Home > Malta > More than just rabbits and rocks

More than just rabbits and rocks

Seafood Towers, local Maltese wines, restaurants carved into rocks, English breakfasts and steaks for 60 Euros – just some of my gourmet adventures on a recent trip to Malta, renowned for its rabbit stews, rocky cliffs and British colonial history.

Well, during a recent vacation in Malta, aside from enjoying an English breakfast or two, some touristy pasta and pizza joints, I found some cozy local restaurants in Malta and enjoyed some great meals with first-class service.

Secluded and romantic

View of the Lupanara wine bistro

The first is a real hidden gem – and when I say hidden, I mean hidden as it’s literally carved into a wall of rock without any sign of a name or menu hanging outside. The only giveaway is a few scattered tables and lounge seats perched on the quayside. To find it, you pass the Birgu waterfront’s marina on the left hand side and the Vittoriosa casino on the right hand side before you reach what seems to be a dead (and dimly lit) end of the street. But venture around the corner and walk around the water’s edge to the other side and you’ll discover the Lupanara (www.lupanarabistro.com) wine bistro. I liked it so much that I’ve been back several times – with friends for a cheese platter and bottle of wine and once for a romantic dinner with my fiancé.

The cuisine at Lupanara is a mix of everything from seafood dishes to cheese and ham platters – modern European food with a local flair – and with a great selection of local and international wines. It’s a classy but understated place where you hear nothing but the quiet murmur of voices around you and the occasional lapping of water, with the rocks illuminated as a backdrop behind you. Prices are very fair – a bottle of wine, two coffees and two main courses will set you back just EUR 46.

Steaks and seafood towers
If you’re after a decent steak or an assortment of seafood, check out the newly opened Grill 3301  at the Corinthia Beach Resort in St. George’s Bay. There’s a pretty nice view over St. George’s Bay and the Dragonara Casino – regardless of whether you are a sun-starved tourist who wants to sit on the rooftop to soak up al-fresco dining or if, like the locals, you prefer to sit indoors in air-conditioning (which might leave you stepping outdoors to warm up!!).
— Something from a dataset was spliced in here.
(* Let $(H,\leq,\ast)$ be a discrete $\omega$-dimensional poc-set and let $\Sigma\in\Re H$ have finite codimension $\delta>0$. Then there exists $\Sigma_1\in\Re H$ with $\Sigma_1<\Sigma$ and $\operatorname{codim}(\Sigma_1)=\delta-1$.
   Context: Poc-set: poset with minimum $0$ and order-reversing involution $\ast$ with $h\le h^\ast\Rightarrow h=0$. Discrete: intervals between proper elements finite. Transverse: none of $h\le k,h^\ast\le k,h\le k^\ast,h^\ast\le k^\ast$; $\omega$-dimensional: no infinite transverse subset. Ultrafilter: $\alpha\subseteq H$ with exactly one of $h,h^\ast$ in $\alpha$ for each $h$, no $h,k\in\alpha$ with $h\le k^\ast$; $H^\circ$ with topology from $2^H$. Almost-equality: finite difference. $\Re H$ is the set of almost-equality classes, partially ordered by $\Sigma_1\ge\Sigma_2$ iff $\Sigma_1\cap\overline{\Sigma_2}\ne\varnothing$ (closure in $H^\circ$). For chains $c=(c_n)$, $d=(d_m)$ (infinite strictly descending), $c$ dominates $d$ if for every $m$ there is $n$ with $c_n\le d_m$; $c\sim d$ if each dominates the other. The codimension of $\Sigma$ is the cardinality of the set of $\sim$-classes of infinite strictly descending chains contained in $\xi$, for any $\xi\in\Sigma$ (this is independent of $\xi$). *)

theory Defs
  imports Main "HOL-Library.Extended_Nat"
begin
No matter where you sit, you’re guaranteed a view!  

Tucking in to the Seafood Tower at Grill 3301

And then there’s Grill 3301’s house speciality, the Seafood Tower – a three tiered mountain of seafood where you’ll have to get off your chair to see what’s on the top. On the bottom there are clams, langoustines, mussels; on the second layer you’ll find shrimps, swordfish carpaccio, octopus and on the top lobsters. It’s perfect as a shared starter or main course and with some champagne. 

Then comes the tough decision of choosing a main course; unless you are like one member of our group who only eats chicken, then your choice is narrowed to the corn-fed chicken. But if you have your eye on a steak, it’ll take a while to decide if you want rib-eye Kobe beef, a fillet of grass-fed Aberdeen Angus, or, what I opted for – the porterhouse 600g Charolais steak. If you think selecting your meat is the toughest choice, then you have to choose between Madagascar peppercorn, organic mustard or Stilton cream sauces which come served in a cute little saucepan with a miniature soup ladle. If you’re neither a steak, seafood nor chicken lover, then there’s plenty of pasta and risotto dishes. As a crème brulée fanatic, I savoured every mouthful of my dessert, finishing up with a coffee and Baileys.

Dinner here can be pricey – a steak can set you back anything between EUR 19 and 60 – but in today’s recession-hit climate, Grill 3301 has been smart enough to also cater for those on a smaller budget. The pasta and risotto dishes start from EUR 8.50; and there are set menus including starter, main course, desert and coffee for around EUR 30 per person all in. This means it pretty much covers everything from a business dinner to a romantic meal to a group get-together … and with impeccable service.  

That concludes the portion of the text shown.